Quem é o eleitor brasileiro? Eis a pergunta sobre a qual, a esta altura, estão debruçados candidatos e assessores. O que os leva à decisão de voto? Quais são os fatores que balizam o processo decisório? Tentemos mostrar nuances.
Cerca de 150 Milhões de eleitores brasileiros deverão ser envolvidos pela “feitiçaria” que a publicização política haverá de construir, nos próximos meses. Como podemos evitar a embrulhada engendrada pela atmosfera criada pela propaganda eleitoral, já em pleno curso, com as inserções partidárias? Primeiro, é oportuno identificar a simulação usada por candidatos, que querem aparecer mascarados, sem sua identidade.
Ora, “nenhum homem, por maior esforço que faça, pode acrescentar um palmo à sua altura”, diz a Bíblia, e alterar o pequeno modelo que é o corpo humano. Mesmo usando a engenharia de artimanhas do marketing. Há, de fato, cerca de 30 milhões de brasileiros que vivem em estado deplorável. O país mostra sinais de anomia e degeneração de valores. Mas tem uma base sobre a qual se pode navegar com segurança. Usar o acervo de mazelas, sob o artifício de emoções falsas, costuradas na colcha de diagnósticos por demais conhecidos, sem apontar caminhos e soluções para os avanços, é querer instrumentalizar a catarse coletiva.
Candidato não é sabonete. O eleitor quer um candidato honesto e com experiência administrativa, mas banhado pelo conceito da assepsia, da higienização política. O ideário da inovação e da renovação ganha espaço em meio a nomes carimbados do quadro nacional. Também quer votar em pessoas que passem a ideia de bons controladores do orçamento municipal. Nesse aspecto, as candidatas levam vantagem – a mulher sempre controla o orçamento doméstico e transmite maior confiança. Chega ao fim o “candidato sabonete”, apresentado como um verdadeiro produto para o consumo de massa, cuja imagem era construída por meio da cosmética publicitária.
Outra questão é sobre as redes sociais. A influência da Internet será maior do que nas eleições passadas, mas ela não constitui, ainda, um veículo fundamental. Nada substitui o contato pessoal do candidato com seu eleitorado.
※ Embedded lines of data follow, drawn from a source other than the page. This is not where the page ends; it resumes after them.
(* Let $\mathcal F$ be any family of linear functionals on $\mathbb R^n$ and $\Sigma_{\mathcal F}=\bigcap_{\ell\in\mathcal F}\{\mathbf v\in\mathbb R^n:\ \ell(\mathbf v)\ge0\}$. If a solution of system (CSF) has $\mathbf v_i(0)\in\Sigma_{\mathcal F}$ for all $i$, then $\mathbf v_i(t)\in\Sigma_{\mathcal F}$ for all $i$ and all $t\ge0$.
   Context: Fix integers $N\ge1$, $n\ge1$, masses $m_1,\dots,m_N>0$ with $M=\sum_i m_i$, parameters $\sigma>0$, $p>0$, $\kappa\ge0$, and a communication kernel $\phi:[0,\infty)\to(0,\infty)$ that is smooth, positive and non-increasing. Write $\phi_{ij}=\phi(|\mathbf x_i-\mathbf x_j|)$, with $|\cdot|$ the Euclidean norm on $\mathbb R^n$. System (CSF) is, for $i=1,\dots,N$, $$\dot{\mathbf x}_i=\mathbf v_i,\qquad \dot{\mathbf v}_i=\sum_{j=1}^N m_j\phi_{ij}(\mathbf v_j-\mathbf v_i)+\sigma(\theta_i-|\mathbf v_i|^p)\mathbf v_i,\qquad \dot\theta_i=\kappa\sum_{j=1}^N m_j\phi_{ij}(\theta_j-\theta_i),$$ with $\mathbf x_i,\mathbf v_i\in\mathbb R^n$ and initial values $\theta_i(0)>0$; solutions are considered for $t\ge0$. *)

theory Defs
  imports "HOL-Analysis.Analysis"
begin

definition smooth_on_nonneg :: "(real \<Rightarrow> real) \<Rightarrow> bool" where
  "smooth_on_nonneg f \<longleftrightarrow> (\<exists>D :: nat \<Rightarrow> real \<Rightarrow> real. D 0 = f \<and>
     (\<forall>k. \<forall>t\<ge>0. (D k has_real_derivative D (Suc k) t) (at t within {0..})))"

definition comm_kernel :: "(real \<Rightarrow> real) \<Rightarrow> bool" where
  "comm_kernel \<phi> \<longleftrightarrow> smooth_on_nonneg \<phi> \<and> (\<forall>r\<ge>0. \<phi> r > 0) \<and>
     (\<forall>r s. 0 \<le> r \<longrightarrow> r \<le> s \<longrightarrow> \<phi> s \<le> \<phi> r)"

text \<open>Solutions of system (CSF) for t \<ge> 0. Agents are indexed by a finite type 'i
  (so N = CARD('i) \<ge> 1), positions/velocities lie in real^'n.\<close>
definition CSF_solution ::
  "('i::finite \<Rightarrow> real) \<Rightarrow> real \<Rightarrow> real \<Rightarrow> real \<Rightarrow> (real \<Rightarrow> real) \<Rightarrow>
   ('i \<Rightarrow> real \<Rightarrow> real^'n) \<Rightarrow> ('i \<Rightarrow> real \<Rightarrow> real^'n) \<Rightarrow> ('i \<Rightarrow> real \<Rightarrow> real) \<Rightarrow> bool" where
  "CSF_solution m \<sigma> p \<kappa> \<phi> x v \<theta> \<longleftrightarrow>
     (\<forall>i. \<forall>t\<ge>0.
        (x i has_vector_derivative v i t) (at t within {0..}) \<and>
        (v i has_vector_derivative
            ((\<Sum>j\<in>UNIV. (m j * \<phi> (norm (x i t - x j t))) *\<^sub>R (v j t - v i t))
             + (\<sigma> * (\<theta> i t - norm (v i t) powr p)) *\<^sub>R v i t)) (at t within {0..}) \<and>
        (\<theta> i has_real_derivative
            (\<kappa> * (\<Sum>j\<in>UNIV. m j * \<phi> (norm (x i t - x j t)) * (\<theta> j t - \<theta> i t))))
            (at t within {0..}))"

definition Sigma_F :: "(('a::real_vector) \<Rightarrow> real) set \<Rightarrow> 'a set" where
  "Sigma_F F = (\<Inter>l\<in>F. {w. l w \<ge> 0})"

end

theory Submission
  imports Defs
begin

text \<open>For every functional l in F the scalars w_i = l(v_i) obey a linear cooperative system
  w_i' = \<Sum>_j a_ij (w_j - w_i) + b_i w_i with a_ij = m_j \<phi>_ij \<ge> 0 and b_i = \<sigma>(\<theta>_i - |v_i|^p),
  which is bounded above on compact time intervals because \<theta>_i is continuous. Such systems
  preserve nonnegativity: after the perturbation w_i + \<epsilon> e^{(L+1)t} all components start
  positive, and at the first time one of them reaches zero its derivative would be positive,
  which is impossible. Letting \<epsilon> \<rightarrow> 0 gives l(v_i(t)) \<ge> 0.\<close>

lemma first_zero_of_continuous_family:
  fixes z :: "'i::finite \<Rightarrow> real \<Rightarrow> real"
  assumes cont: "\<And>i. continuous_on {0..T} (z i)"
    and pos0: "\<And>i. z i 0 > 0"
    and hit: "t \<in> {0..T}" "z k t \<le> 0"
  obtains s i where "0 < s" "s \<le> T" "z i s = 0"
    "\<And>j t. 0 \<le> t \<Longrightarrow> t < s \<Longrightarrow> z j t > 0" "\<And>j. z j s \<ge> 0"
proof -
  define S where "S = {t\<in>{0..T}. \<exists>i. z i t \<le> 0}"
  have "closed {t\<in>{0..T}. z i t \<le> 0}" for i
    using continuous_on_closed_Collect_le[OF cont continuous_on_const closed_atLeastAtMost] by simp
  moreover have "S = (\<Union>i. {t\<in>{0..T}. z i t \<le> 0})"
    unfolding S_def by auto
  ultimately have "closed S"
    by (simp add: closed_UN)
  moreover have "bdd_below S" "S \<noteq> {}"
    using hit unfolding S_def by (auto intro!: bdd_belowI[of _ 0])
  ultimately have "Inf S \<in> S"
    using closed_contains_Inf by blast
  define s where "s = Inf S"
  obtain i where s: "0 \<le> s" "s \<le> T" "z i s \<le> 0"
    using \<open>Inf S \<in> S\<close> unfolding s_def S_def by auto
  have before: "z j t > 0" if "0 \<le> t" "t < s" for j t
  proof (rule ccontr)
    assume "\<not> z j t > 0"
    then have "t \<in> S" using that s unfolding S_def by (auto simp: not_less)
    then show False
      using cInf_lower[OF _ \<open>bdd_below S\<close>] that unfolding s_def by force
  qed
  have "s \<noteq> 0" using s pos0[of i] by auto
  then have "0 < s" using s by simp
  have at_s: "z j s \<ge> 0" for j
  proof (rule ccontr)
    assume neg: "\<not> z j s \<ge> 0"
    have "continuous_on {0..s} (\<lambda>t. - z j t)"
      using cont[of j] s by (intro continuous_on_minus) (auto elim: continuous_on_subset)
    then obtain t where "0 \<le> t" "t \<le> s" "z j t = 0"
      using IVT'[of "\<lambda>t. - z j t" 0 0 s] neg pos0[of j] \<open>0 < s\<close> by auto
    with neg before[of t j] show False
      by (cases "t = s") auto
  qed
  show thesis
    using that[of s i] \<open>0 < s\<close> s before at_s by (meson antisym)
qed

lemma cooperative_system_perturbed_pos:
  fixes w :: "'i::finite \<Rightarrow> real \<Rightarrow> real" and a :: "'i \<Rightarrow> 'i \<Rightarrow> real \<Rightarrow> real"
    and b :: "'i \<Rightarrow> real \<Rightarrow> real"
  assumes deriv: "\<And>i t. t \<ge> 0 \<Longrightarrow> (w i has_real_derivative
        (\<Sum>j\<in>UNIV. a i j t * (w j t - w i t)) + b i t * w i t) (at t within {0..})"
    and a_nonneg: "\<And>i j t. t \<ge> 0 \<Longrightarrow> a i j t \<ge> 0"
    and b_le: "\<And>i t. 0 \<le> t \<Longrightarrow> t \<le> T \<Longrightarrow> b i t \<le> L"
    and w0: "\<And>i. w i 0 \<ge> 0" and "\<epsilon> > 0"
    and t: "t \<in> {0..T}"
  shows "w i t + \<epsilon> * exp ((L + 1) * t) > 0"
proof (rule ccontr)
  define z where "z i t = w i t + \<epsilon> * exp ((L + 1) * t)" for i t
  have z_deriv: "(z i has_real_derivative
        (\<Sum>j\<in>UNIV. a i j t * (z j t - z i t)) + b i t * z i t
          + \<epsilon> * exp ((L + 1) * t) * (L + 1 - b i t)) (at t within {0..})"
    if "t \<ge> 0" for i t
  proof -
    have "(z i has_real_derivative
        ((\<Sum>j\<in>UNIV. a i j t * (w j t - w i t)) + b i t * w i t)
          + \<epsilon> * (exp ((L + 1) * t) * (L + 1))) (at t within {0..})"
      unfolding z_def[abs_def]
      by (intro derivative_intros deriv that) (auto intro!: derivative_eq_intros)
    then show ?thesis
      by (simp add: z_def algebra_simps)
  qed
  have z_cont: "continuous_on {0..T} (z i)" for i
    by (rule DERIV_continuous_on[where D="\<lambda>t. _ t"],
        rule has_field_derivative_subset[OF z_deriv]) auto
  have z0: "z i 0 > 0" for i
    using w0[of i] \<open>\<epsilon> > 0\<close> by (simp add: z_def)
  assume "\<not> w i t + \<epsilon> * exp ((L + 1) * t) > 0"
  then have "z i t \<le> 0" by (simp add: z_def)
  then obtain s k where s: "0 < s" "s \<le> T" "z k s = 0"
    and before: "\<And>j t. 0 \<le> t \<Longrightarrow> t < s \<Longrightarrow> z j t > 0" and at_s: "\<And>j. z j s \<ge> 0"
    using first_zero_of_continuous_family[of T z, OF z_cont z0 t] by blast
  have "b k s \<le> L" using b_le s by auto
  then have "0 < (\<Sum>j\<in>UNIV. a k j s * (z j s - z k s)) + b k s * z k s
      + \<epsilon> * exp ((L + 1) * s) * (L + 1 - b k s)"
    using s at_s a_nonneg[of s] \<open>\<epsilon> > 0\<close>
    by (intro add_nonneg_pos sum_nonneg) (auto intro!: sum_nonneg mult_nonneg_nonneg mult_pos_pos)
  then obtain d where "d > 0" and dec: "\<And>h. h > 0 \<Longrightarrow> s - h \<ge> 0 \<Longrightarrow> h < d \<Longrightarrow> z k (s - h) < 0"
    using has_real_derivative_pos_inc_left[OF z_deriv[of s k]] s by auto
  define h where "h = min (d / 2) s"
  have "h > 0" "h < d" "s - h \<ge> 0"
    using \<open>d > 0\<close> s by (auto simp: h_def)
  then show False
    using dec[of h] before[of "s - h" k] by auto
qed

lemma cooperative_system_nonneg:
  fixes w :: "'i::finite \<Rightarrow> real \<Rightarrow> real" and a :: "'i \<Rightarrow> 'i \<Rightarrow> real \<Rightarrow> real"
    and b :: "'i \<Rightarrow> real \<Rightarrow> real"
  assumes deriv: "\<And>i t. t \<ge> 0 \<Longrightarrow> (w i has_real_derivative
        (\<Sum>j\<in>UNIV. a i j t * (w j t - w i t)) + b i t * w i t) (at t within {0..})"
    and a_nonneg: "\<And>i j t. t \<ge> 0 \<Longrightarrow> a i j t \<ge> 0"
    and b_bounded: "\<And>T. \<exists>L. \<forall>i t. 0 \<le> t \<longrightarrow> t \<le> T \<longrightarrow> b i t \<le> L"
    and w0: "\<And>i. w i 0 \<ge> 0"
    and "t \<ge> 0"
  shows "w i t \<ge> 0"
proof (rule ccontr)
  assume neg: "\<not> w i t \<ge> 0"
  obtain L where b_le: "\<And>j s. 0 \<le> s \<Longrightarrow> s \<le> t \<Longrightarrow> b j s \<le> L"
    using b_bounded[of t] by blast
  define \<epsilon> where "\<epsilon> = - w i t / (2 * exp ((L + 1) * t))"
  have "\<epsilon> > 0"
    using neg unfolding \<epsilon>_def by (simp add: divide_neg_pos)
  then have "w i t + \<epsilon> * exp ((L + 1) * t) > 0"
    using cooperative_system_perturbed_pos[OF deriv a_nonneg b_le w0] \<open>t \<ge> 0\<close> by simp
  then show False
    using neg unfolding \<epsilon>_def by simp
qed

lemma CSF_functional_of_velocity_deriv:
  assumes "CSF_solution m \<sigma> p \<kappa> \<phi> x v \<theta>" and "linear l" and "t \<ge> 0"
  shows "((\<lambda>t. l (v i t)) has_real_derivative
      (\<Sum>j\<in>UNIV. m j * \<phi> (norm (x i t - x j t)) * (l (v j t) - l (v i t)))
        + \<sigma> * (\<theta> i t - norm (v i t) powr p) * l (v i t)) (at t within {0..})"
proof -
  have "((\<lambda>t. l (v i t)) has_vector_derivative l
      ((\<Sum>j\<in>UNIV. (m j * \<phi> (norm (x i t - x j t))) *\<^sub>R (v j t - v i t))
        + (\<sigma> * (\<theta> i t - norm (v i t) powr p)) *\<^sub>R v i t)) (at t within {0..})"
    using bounded_linear.has_vector_derivative[of l] assms
    unfolding CSF_solution_def linear_conv_bounded_linear by blast
  then show ?thesis
    using \<open>linear l\<close>
    by (simp add: has_real_derivative_iff_has_vector_derivative linear_add linear_sum
        linear_scale linear_diff)
qed

lemma CSF_theta_bounded_above:
  assumes "CSF_solution m \<sigma> p \<kappa> \<phi> x v \<theta>"
  shows "\<exists>B. \<forall>i t. 0 \<le> t \<longrightarrow> t \<le> T \<longrightarrow> \<theta> i t \<le> B"
proof -
  have "continuous_on {0..T} (\<theta> i)" for i
    by (rule DERIV_continuous_on[where D="\<lambda>s. _ s"],
        rule has_field_derivative_subset[of _ _ _ "{0..}"])
      (use assms in \<open>auto simp: CSF_solution_def\<close>)
  then have "\<exists>B. \<forall>t\<in>{0..T}. \<theta> i t \<le> B" for i
    using continuous_attains_sup[OF compact_Icc, of 0 T "\<theta> i"] by (cases "T \<ge> 0") force+
  then obtain B where B: "\<And>i t. t \<in> {0..T} \<Longrightarrow> \<theta> i t \<le> B i"
    by metis
  have "\<theta> i t \<le> Max (range B)" if "0 \<le> t" "t \<le> T" for i t
  proof -
    have "\<theta> i t \<le> B i" using B that by simp
    also have "\<dots> \<le> Max (range B)" by (simp add: Max_ge)
    finally show ?thesis .
  qed
  then show ?thesis by blast
qed

lemma CSF_growth_rate_bounded_above:
  assumes "CSF_solution m \<sigma> p \<kappa> \<phi> x v \<theta>" and "\<sigma> \<ge> 0"
  shows "\<exists>L. \<forall>i t. 0 \<le> t \<longrightarrow> t \<le> T \<longrightarrow> \<sigma> * (\<theta> i t - norm (v i t) powr p) \<le> L"
proof -
  obtain B where B: "\<And>i t. 0 \<le> t \<Longrightarrow> t \<le> T \<Longrightarrow> \<theta> i t \<le> B"
    using CSF_theta_bounded_above[OF assms(1)] by blast
  have "\<sigma> * (\<theta> i t - norm (v i t) powr p) \<le> \<sigma> * B" if "0 \<le> t" "t \<le> T" for i t
  proof -
    have "\<theta> i t - norm (v i t) powr p \<le> B"
      using B[OF that, of i] powr_ge_zero[of "norm (v i t)" p] by linarith
    then show ?thesis
      using \<open>\<sigma> \<ge> 0\<close> by (simp add: mult_left_mono)
  qed
  then show ?thesis by blast
qed

theorem lemma2p1:
  fixes m :: "'i::finite \<Rightarrow> real" and \<sigma> p \<kappa> :: real and \<phi> :: "real \<Rightarrow> real"
    and x v :: "'i \<Rightarrow> real \<Rightarrow> real^'n" and \<theta> :: "'i \<Rightarrow> real \<Rightarrow> real"
    and F :: "(real^'n \<Rightarrow> real) set"
  assumes "\<forall>i. m i > 0" and "\<sigma> > 0" and "p > 0" and "\<kappa> \<ge> 0"
    and "comm_kernel \<phi>"
    and "\<forall>l\<in>F. linear l"
    and "CSF_solution m \<sigma> p \<kappa> \<phi> x v \<theta>"
    and "\<forall>i. \<theta> i 0 > 0"
    and "\<forall>i. v i 0 \<in> Sigma_F F"
  shows "\<forall>i. \<forall>t\<ge>0. v i t \<in> Sigma_F F"
proof (intro allI impI)
  fix i and t :: real assume "t \<ge> 0"
  have "\<phi> r > 0" if "r \<ge> 0" for r
    using assms(5) that unfolding comm_kernel_def by blast
  then have a_nonneg: "m j * \<phi> (norm (x i s - x j s)) \<ge> 0" for i j s
    using assms(1) by (simp add: less_imp_le)
  have "l (v i t) \<ge> 0" if "l \<in> F" for l
    using cooperative_system_nonneg[where w="\<lambda>i s. l (v i s)", OF
        CSF_functional_of_velocity_deriv[OF assms(7)] a_nonneg
        CSF_growth_rate_bounded_above[OF assms(7)] _ \<open>t \<ge> 0\<close>]
      assms(2,6,9) that unfolding Sigma_F_def by auto
  then show "v i t \<in> Sigma_F F"
    unfolding Sigma_F_def by blast
qed

end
Diante da crise social, da desconfiança e da descrença, as pessoas sentem necessidade de ver seus candidatos de perto. Os políticos devem sair às ruas e andar pelas casas e pelos bairros. Mais importante do que os grandes comícios serão os pequenos encontros, como cafés da manhã, visitas, mutirões e carreatas.
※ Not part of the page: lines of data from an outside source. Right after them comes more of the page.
(* For each positive integer $n$, let $A_n=\{a_{0n},\dots,a_{nn}\}$ with $(a_{0n},\dots,a_{nn})\in[0,1]^{n+1}$ a minimizer of $$(x_0,\dots,x_n)\mapsto \max_{p\in[0,1]}\sum_{k=0}^n\binom{n}{k}p^k(1-p)^{n-k}|p-x_k|$$ over $[0,1]^{n+1}$. Then the normalized counting measures $\frac{1}{n+1}\sum_{j=0}^n\delta_{a_{jn}}$ converge weak$^*$ to Lebesgue measure $dx$ on $[0,1]$ as $n\to\infty$.
   Context: $\delta_x$ denotes the unit point mass at $x$. Weak$^*$ convergence of measures $\mu_n\to\mu$ on $[0,1]$ means $\int g\,d\mu_n\to\int g\,d\mu$ for all $g\in C[0,1]$. *)

theory Defs
  imports "HOL-Analysis.Analysis"
begin

text \<open>The sum is continuous in p, so the supremum over the compact [0,1] is a max.\<close>
definition bern_err :: "nat \<Rightarrow> (nat \<Rightarrow> real) \<Rightarrow> real" where
  "bern_err n x = (SUP p\<in>{0..1::real}.
      (\<Sum>k=0..n. real (n choose k) * p ^ k * (1 - p) ^ (n - k) * \<bar>p - x k\<bar>))"

definition is_minimizer :: "nat \<Rightarrow> (nat \<Rightarrow> real) \<Rightarrow> bool" where
  "is_minimizer n x \<longleftrightarrow> (\<forall>k\<le>n. x k \<in> {0..1}) \<and>
     (\<forall>y. (\<forall>k\<le>n. y k \<in> {0..1}) \<longrightarrow> bern_err n x \<le> bern_err n y)"

end

theory Submission
  imports Defs "HOL-Real_Asymp.Real_Asymp"
begin

text \<open>
  Every Bernstein basis polynomial of degree n has integral 1/(n+1) over [0,1], so the average
  of g over a_{0n}, ..., a_{nn} equals the integral of the Bernstein-type combination
  \<Sum>j g(a_{jn}) b_{nj}(p). This combination is uniformly close to g, with error controlled by
  \<Sum>j b_{nj}(p) |p - a_{jn}|, the very quantity the minimizer makes small: comparing with the
  grid points j/n, whose error is at most 1/\<surd>n by the Bernstein variance identity, shows it is
  O(1/\<surd>n).
\<close>

lemma Bernstein_integrable: "Bernstein n k integrable_on {a..b}"
  unfolding Bernstein_def by (intro integrable_continuous_real continuous_intros)

lemma has_real_derivative_Bernstein_primitive:
  assumes "k < n"
  shows "((\<lambda>x. real (n choose k) * x ^ Suc k * (1 - x) ^ (n - k) / real (Suc k))
           has_real_derivative (Bernstein n k x - Bernstein n (Suc k) x)) (at x)"
proof -
  have deriv: "((\<lambda>x. c * x ^ Suc k * (1 - x) ^ Suc m / real (Suc k)) has_real_derivative
      c * x ^ k * (1 - x) ^ Suc m - c * real (Suc m) / real (Suc k) * x ^ Suc k * (1 - x) ^ m) (at x)"
    for c m by (rule derivative_eq_intros refl | simp)+ (simp add: field_simps)
  have nk: "Suc (n - Suc k) = n - k" using assms by simp
  have absorb: "real (n choose k) * real (n - k) / real (Suc k) = real (n choose Suc k)"
  proof -
    have "(n - k) * (n choose k) = Suc k * (n choose Suc k)"
      using binomial_absorb_comp[of n k] binomial_absorption[of k n] by simp
    then show ?thesis by (simp add: field_simps flip: of_nat_mult)
  qed
  from deriv[of "real (n choose k)" "n - Suc k"] show ?thesis
    unfolding nk absorb Bernstein_def .
qed

lemma integral_Bernstein_Suc:
  assumes "k < n"
  shows "integral {0..1} (Bernstein n (Suc k)) = integral {0..1} (Bernstein n k)"
proof -
  let ?F = "\<lambda>x. real (n choose k) * x ^ Suc k * (1 - x) ^ (n - k) / real (Suc k)"
  have "((\<lambda>x. Bernstein n k x - Bernstein n (Suc k) x) has_integral (?F 1 - ?F 0)) {0..1}"
  proof (rule fundamental_theorem_of_calculus)
    fix x :: real
    show "(?F has_vector_derivative Bernstein n k x - Bernstein n (Suc k) x) (at x within {0..1})"
      using has_real_derivative_Bernstein_primitive[OF assms, of x]
      by (simp add: has_real_derivative_iff_has_vector_derivative has_vector_derivative_at_within)
  qed simp
  moreover have "?F 1 - ?F 0 = 0" using assms by simp
  ultimately have "integral {0..1} (\<lambda>x. Bernstein n k x - Bernstein n (Suc k) x) = 0"
    by (simp add: integral_unique)
  then show ?thesis
    using integral_diff[OF Bernstein_integrable[of n k 0 1] Bernstein_integrable[of n "Suc k" 0 1]] by simp
qed

lemma integral_Bernstein:
  assumes "k \<le> n"
  shows "integral {0..1} (Bernstein n k) = 1 / real (Suc n)"
proof -
  have same: "integral {0..1} (Bernstein n j) = integral {0..1} (Bernstein n 0)" if "j \<le> n" for j
    using that by (induction j) (simp_all add: integral_Bernstein_Suc)
  have "1 = integral {0..1} (\<lambda>x. \<Sum>j\<le>n. Bernstein n j x)"
    by simp
  also have "\<dots> = (\<Sum>j\<le>n. integral {0..1} (Bernstein n j))"
    by (intro integral_sum) (auto intro: Bernstein_integrable)
  also have "\<dots> = (\<Sum>j\<le>n. integral {0..1} (Bernstein n 0))"
    by (rule sum.cong) (auto intro: same)
  finally show ?thesis
    using same[OF assms] by (simp add: field_simps)
qed

lemma average_eq_integral_Bernstein:
  "(\<Sum>j\<le>n. c j) / real (Suc n) = integral {0..1} (\<lambda>p. \<Sum>j\<le>n. c j * Bernstein n j p)"
proof -
  have "integral {0..1} (\<lambda>p. \<Sum>j\<le>n. c j * Bernstein n j p)
        = (\<Sum>j\<le>n. c j * integral {0..1} (Bernstein n j))"
    using integrable_on_cmult_left[OF Bernstein_integrable]
    by (subst integral_sum) auto
  also have "\<dots> = (\<Sum>j\<le>n. c j) / real (Suc n)"
    by (simp add: integral_Bernstein sum_divide_distrib)
  finally show ?thesis ..
qed

lemma sum_Bernstein_sq_dev:
  assumes "n > 0"
  shows "(\<Sum>k\<le>n. (x - k / n)\<^sup>2 * Bernstein n k x) = x * (1 - x) / n"
proof -
  have expand: "(x - k / n)\<^sup>2 * B = x\<^sup>2 * B - 2 * x / n * (real k * B)
      + 1 / n ^ 2 * (real k * (real k - 1) * B) + 1 / n ^ 2 * (real k * B)" for k B
    using assms by (simp add: field_simps power2_eq_square)
  have "(\<Sum>k\<le>n. (x - k / n)\<^sup>2 * Bernstein n k x) =
      x\<^sup>2 * (\<Sum>k\<le>n. Bernstein n k x) - 2 * x / n * (\<Sum>k\<le>n. real k * Bernstein n k x)
      + 1 / n ^ 2 * (\<Sum>k\<le>n. real k * (real k - 1) * Bernstein n k x)
      + 1 / n ^ 2 * (\<Sum>k\<le>n. real k * Bernstein n k x)"
    by (simp only: expand sum.distrib sum_subtractf sum_distrib_left)
  also have "\<dots> = x * (1 - x) / n"
    using assms
    by (simp only: sum_Bernstein sum_k_Bernstein sum_kk_Bernstein) (simp add: field_simps power2_eq_square)
  finally show ?thesis .
qed

lemma sum_Bernstein_abs_dev_le:
  assumes "n \<ge> 1" and p: "p \<in> {0..1}"
  shows "(\<Sum>k\<le>n. Bernstein n k p * \<bar>p - k / n\<bar>) \<le> 1 / sqrt n"
proof -
  define s where "s = sqrt n"
  have s: "s > 0" "s * s = n" using assms by (simp_all add: s_def)
  \<comment> \<open>AM-GM, weighted so that both terms contribute 1/(2s) after summation\<close>
  have am_gm: "\<bar>t\<bar> \<le> (s * t\<^sup>2 + 1 / s) / 2" for t
  proof -
    have "0 \<le> (s * \<bar>t\<bar> - 1)\<^sup>2 / (2 * s)" using s by simp
    also have "\<dots> = (s * t\<^sup>2 + 1 / s) / 2 - \<bar>t\<bar>"
      using s by (simp add: field_simps power2_eq_square)
    finally show ?thesis by simp
  qed
  have B: "0 \<le> Bernstein n k p" for k using p by (simp add: Bernstein_nonneg)
  have "(\<Sum>k\<le>n. Bernstein n k p * \<bar>p - k / n\<bar>)
        \<le> (\<Sum>k\<le>n. Bernstein n k p * ((s * (p - k / n)\<^sup>2 + 1 / s) / 2))"
    by (intro sum_mono mult_left_mono am_gm B)
  also have "\<dots> = (s * (\<Sum>k\<le>n. (p - k / n)\<^sup>2 * Bernstein n k p)
                  + 1 / s * (\<Sum>k\<le>n. Bernstein n k p)) / 2"
  proof -
    have "Bernstein n k p * ((s * (p - k / n)\<^sup>2 + 1 / s) / 2) =
          (s * ((p - k / n)\<^sup>2 * Bernstein n k p) + 1 / s * Bernstein n k p) / 2" for k
      by (simp add: algebra_simps)
    then show ?thesis
      by (simp only: sum_divide_distrib[symmetric] sum.distrib sum_distrib_left)
  qed
  also have "\<dots> = (s * (p * (1 - p) / n) + 1 / s) / 2"
    using assms by (simp add: sum_Bernstein_sq_dev)
  also have "\<dots> \<le> (s * (1 / n) + 1 / s) / 2"
  proof -
    have "p * (1 - p) / n \<le> 1 / n"
      using p mult_le_one[of p "1 - p"] by (simp add: divide_right_mono)
    then have "s * (p * (1 - p) / n) \<le> s * (1 / n)"
      using s assms by (intro mult_left_mono) auto
    from divide_right_mono[OF add_right_mono[OF this], of 2 "1 / s"] show ?thesis by simp
  qed
  also have "\<dots> = 1 / s" using s assms by (simp add: field_simps)
  finally show ?thesis by (simp add: s_def)
qed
A esperteza, a dramatização, os recursos artificiais, a hipocrisia e a insinceridade têm sido a tônica da cultura política. Mais uma questão: “o que faz um eleitor preferir um candidato a outro?” Não há uma resposta fechada para a questão. Dependendo do candidato e da região, certos fatores pesam mais que outros. O primeiro apelo é o do bolso. Relaciona-se à luta pela sobrevivência e à necessidade de se garantir o alimento. Esse é um dos impulsos básicos do ser humano, que age principalmente em épocas de contenção, crise e desemprego.
Tenho escrito bastante sobre o uso de instintos em campanhas eleitorais, com destaque para o instinto nutritivo. Até formei uma hipótese que tenho usado para explicar o processo de decisão de voto. Que parte do cinturão econômico é ciclicamente usado por governos para afrouxar ou apertar a barriga do eleitor. O “xis” da questão resume-se na equação BO+BA+CO+CA: bolso (BO) cheio enche a geladeira, satisfaz a barriga (BA), emociona o coração (CO) e induz a cabeça (CA) dos bem alimentados a recompensar os patrocinadores do pão sobre a mesa. E o troco, a recompensa? O voto na urna. A recíproca é verdadeira. Bolso vazio é reviravolta eleitoral.
Quaisquer propostas para garantir o sustento de pessoas e famílias, quando feitas de maneira crível e objetiva, laçam o interesse das pessoas. Um bom emprego ou a perspectiva de melhorar de vida simbolizam o eixo desse discurso. Outro fator de interesse liga-se à região, ao município, ao bairro, à rua. Trata-se do fator proximidade, que, nos últimos tempos, tem despertado a intenção dos eleitores. O voto está ficando distritalizado, regionalizado.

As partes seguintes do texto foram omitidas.